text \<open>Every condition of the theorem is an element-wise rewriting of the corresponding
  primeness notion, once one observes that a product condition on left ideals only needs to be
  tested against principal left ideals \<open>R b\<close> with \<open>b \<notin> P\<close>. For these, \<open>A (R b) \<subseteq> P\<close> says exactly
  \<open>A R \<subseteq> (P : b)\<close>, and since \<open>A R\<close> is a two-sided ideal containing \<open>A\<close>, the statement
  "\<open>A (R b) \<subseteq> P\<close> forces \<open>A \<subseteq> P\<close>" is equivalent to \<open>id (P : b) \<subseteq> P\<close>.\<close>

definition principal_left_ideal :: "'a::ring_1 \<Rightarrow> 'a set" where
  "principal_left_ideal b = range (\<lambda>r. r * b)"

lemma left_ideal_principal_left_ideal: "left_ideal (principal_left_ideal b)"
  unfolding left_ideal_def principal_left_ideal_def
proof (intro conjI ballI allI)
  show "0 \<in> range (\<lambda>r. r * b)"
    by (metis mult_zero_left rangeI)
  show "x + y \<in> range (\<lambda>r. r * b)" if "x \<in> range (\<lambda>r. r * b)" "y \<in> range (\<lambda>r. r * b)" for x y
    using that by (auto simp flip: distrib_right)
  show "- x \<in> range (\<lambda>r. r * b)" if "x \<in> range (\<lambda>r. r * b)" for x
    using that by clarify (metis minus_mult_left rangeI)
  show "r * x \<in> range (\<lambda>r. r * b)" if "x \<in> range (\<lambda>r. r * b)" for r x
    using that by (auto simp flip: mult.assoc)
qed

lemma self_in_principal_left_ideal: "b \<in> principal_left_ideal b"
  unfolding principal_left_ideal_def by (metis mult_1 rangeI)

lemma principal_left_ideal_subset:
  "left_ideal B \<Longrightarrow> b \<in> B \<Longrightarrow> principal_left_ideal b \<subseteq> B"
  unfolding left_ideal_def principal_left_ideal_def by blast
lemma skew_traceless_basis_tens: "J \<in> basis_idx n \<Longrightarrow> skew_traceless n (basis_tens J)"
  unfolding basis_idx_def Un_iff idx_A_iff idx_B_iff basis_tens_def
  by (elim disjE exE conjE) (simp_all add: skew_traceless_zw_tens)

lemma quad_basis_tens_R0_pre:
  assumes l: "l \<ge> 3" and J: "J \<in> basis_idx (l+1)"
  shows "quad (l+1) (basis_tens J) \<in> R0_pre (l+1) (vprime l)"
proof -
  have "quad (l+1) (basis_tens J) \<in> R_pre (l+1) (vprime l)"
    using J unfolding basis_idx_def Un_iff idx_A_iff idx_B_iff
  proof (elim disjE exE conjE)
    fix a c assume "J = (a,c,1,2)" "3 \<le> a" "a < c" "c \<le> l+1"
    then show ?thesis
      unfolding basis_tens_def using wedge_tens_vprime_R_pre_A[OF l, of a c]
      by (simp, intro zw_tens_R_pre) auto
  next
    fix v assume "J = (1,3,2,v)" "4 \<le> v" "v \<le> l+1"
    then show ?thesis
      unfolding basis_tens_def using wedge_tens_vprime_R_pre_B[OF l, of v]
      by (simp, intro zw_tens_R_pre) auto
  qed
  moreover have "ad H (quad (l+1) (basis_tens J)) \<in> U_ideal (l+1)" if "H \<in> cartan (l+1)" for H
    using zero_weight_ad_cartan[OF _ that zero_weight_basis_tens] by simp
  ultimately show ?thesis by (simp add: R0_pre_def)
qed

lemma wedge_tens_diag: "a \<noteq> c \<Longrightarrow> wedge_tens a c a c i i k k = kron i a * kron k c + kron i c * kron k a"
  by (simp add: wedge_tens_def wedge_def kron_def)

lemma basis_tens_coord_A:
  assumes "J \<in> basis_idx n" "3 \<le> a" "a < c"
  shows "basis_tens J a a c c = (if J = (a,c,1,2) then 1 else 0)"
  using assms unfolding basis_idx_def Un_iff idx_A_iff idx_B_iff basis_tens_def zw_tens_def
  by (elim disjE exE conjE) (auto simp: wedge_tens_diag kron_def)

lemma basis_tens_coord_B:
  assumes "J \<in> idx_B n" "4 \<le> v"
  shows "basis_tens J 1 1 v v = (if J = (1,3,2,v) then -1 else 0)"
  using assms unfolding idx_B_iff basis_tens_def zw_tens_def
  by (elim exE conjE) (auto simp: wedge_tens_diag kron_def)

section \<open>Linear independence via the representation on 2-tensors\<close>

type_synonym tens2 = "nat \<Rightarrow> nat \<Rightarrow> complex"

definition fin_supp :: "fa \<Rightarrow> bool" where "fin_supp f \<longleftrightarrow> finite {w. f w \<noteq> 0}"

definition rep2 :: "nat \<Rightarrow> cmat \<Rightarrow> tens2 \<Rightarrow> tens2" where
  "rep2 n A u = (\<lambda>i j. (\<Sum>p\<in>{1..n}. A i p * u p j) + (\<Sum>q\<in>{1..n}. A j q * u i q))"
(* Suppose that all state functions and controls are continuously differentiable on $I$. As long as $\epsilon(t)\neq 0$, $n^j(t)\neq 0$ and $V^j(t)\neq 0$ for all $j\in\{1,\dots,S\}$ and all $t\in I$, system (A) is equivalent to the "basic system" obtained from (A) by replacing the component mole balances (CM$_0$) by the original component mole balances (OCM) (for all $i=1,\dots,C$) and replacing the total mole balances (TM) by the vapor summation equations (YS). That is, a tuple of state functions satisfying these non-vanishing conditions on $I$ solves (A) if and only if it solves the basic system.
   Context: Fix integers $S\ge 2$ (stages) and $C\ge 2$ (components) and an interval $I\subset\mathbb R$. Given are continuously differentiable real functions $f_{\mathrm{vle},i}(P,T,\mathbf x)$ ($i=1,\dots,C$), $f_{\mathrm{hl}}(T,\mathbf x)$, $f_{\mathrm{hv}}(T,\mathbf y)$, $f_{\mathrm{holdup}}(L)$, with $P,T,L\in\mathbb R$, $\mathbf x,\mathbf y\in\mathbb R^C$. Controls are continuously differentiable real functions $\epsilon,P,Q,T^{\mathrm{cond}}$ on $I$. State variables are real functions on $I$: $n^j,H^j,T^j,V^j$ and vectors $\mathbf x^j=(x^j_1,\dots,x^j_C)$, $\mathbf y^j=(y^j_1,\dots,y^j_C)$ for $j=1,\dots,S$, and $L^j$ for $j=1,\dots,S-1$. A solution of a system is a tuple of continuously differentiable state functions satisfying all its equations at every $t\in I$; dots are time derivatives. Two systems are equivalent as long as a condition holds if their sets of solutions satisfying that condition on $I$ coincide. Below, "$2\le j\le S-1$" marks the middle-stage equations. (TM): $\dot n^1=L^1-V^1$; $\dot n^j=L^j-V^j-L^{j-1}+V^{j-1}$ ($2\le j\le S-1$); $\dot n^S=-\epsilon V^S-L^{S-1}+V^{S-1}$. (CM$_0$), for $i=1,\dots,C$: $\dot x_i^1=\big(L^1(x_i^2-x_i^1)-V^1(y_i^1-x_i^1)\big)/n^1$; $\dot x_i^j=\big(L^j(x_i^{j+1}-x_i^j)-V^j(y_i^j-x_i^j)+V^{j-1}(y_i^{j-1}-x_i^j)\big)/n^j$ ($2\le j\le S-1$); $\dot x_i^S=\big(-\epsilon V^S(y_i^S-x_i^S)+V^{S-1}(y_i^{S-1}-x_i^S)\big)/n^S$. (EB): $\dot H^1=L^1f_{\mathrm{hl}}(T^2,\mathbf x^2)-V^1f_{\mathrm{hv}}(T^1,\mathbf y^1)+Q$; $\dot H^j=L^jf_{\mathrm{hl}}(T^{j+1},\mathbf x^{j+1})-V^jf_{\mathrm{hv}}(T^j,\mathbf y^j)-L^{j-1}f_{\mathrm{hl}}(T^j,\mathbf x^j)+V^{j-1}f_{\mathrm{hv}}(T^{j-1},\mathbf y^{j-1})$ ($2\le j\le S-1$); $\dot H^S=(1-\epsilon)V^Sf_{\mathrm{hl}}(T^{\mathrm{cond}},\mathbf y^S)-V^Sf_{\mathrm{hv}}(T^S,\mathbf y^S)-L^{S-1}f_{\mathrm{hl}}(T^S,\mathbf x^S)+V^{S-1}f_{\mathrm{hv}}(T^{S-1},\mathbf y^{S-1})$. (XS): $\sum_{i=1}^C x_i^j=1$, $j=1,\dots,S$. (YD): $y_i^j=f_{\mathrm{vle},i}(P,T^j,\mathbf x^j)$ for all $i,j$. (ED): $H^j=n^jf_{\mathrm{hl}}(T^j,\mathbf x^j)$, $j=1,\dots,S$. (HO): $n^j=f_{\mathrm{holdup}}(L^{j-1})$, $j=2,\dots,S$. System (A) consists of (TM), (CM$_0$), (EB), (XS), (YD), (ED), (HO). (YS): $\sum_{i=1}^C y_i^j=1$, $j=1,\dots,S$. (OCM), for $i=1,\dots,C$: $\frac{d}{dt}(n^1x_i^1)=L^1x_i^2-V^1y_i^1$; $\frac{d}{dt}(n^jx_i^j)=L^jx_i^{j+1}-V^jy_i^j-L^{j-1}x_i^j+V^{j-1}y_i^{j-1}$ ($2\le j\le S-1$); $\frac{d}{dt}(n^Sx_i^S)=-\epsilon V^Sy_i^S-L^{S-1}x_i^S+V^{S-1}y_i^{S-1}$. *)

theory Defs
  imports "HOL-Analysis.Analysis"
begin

++++++

**WORK INSTRUCTION:** Would you output, unchanged, each line from the start of the records to the line that holds "containing \<open>A\<close>, the statement", both included and nothing else?

**TASK RESPONSE:**
text \<open>Every condition of the theorem is an element-wise rewriting of the corresponding
  primeness notion, once one observes that a product condition on left ideals only needs to be
  tested against principal left ideals \<open>R b\<close> with \<open>b \<notin> P\<close>. For these, \<open>A (R b) \<subseteq> P\<close> says exactly
  \<open>A R \<subseteq> (P : b)\<close>, and since \<open>A R\<close> is a two-sided ideal containing \<open>A\<close>, the statement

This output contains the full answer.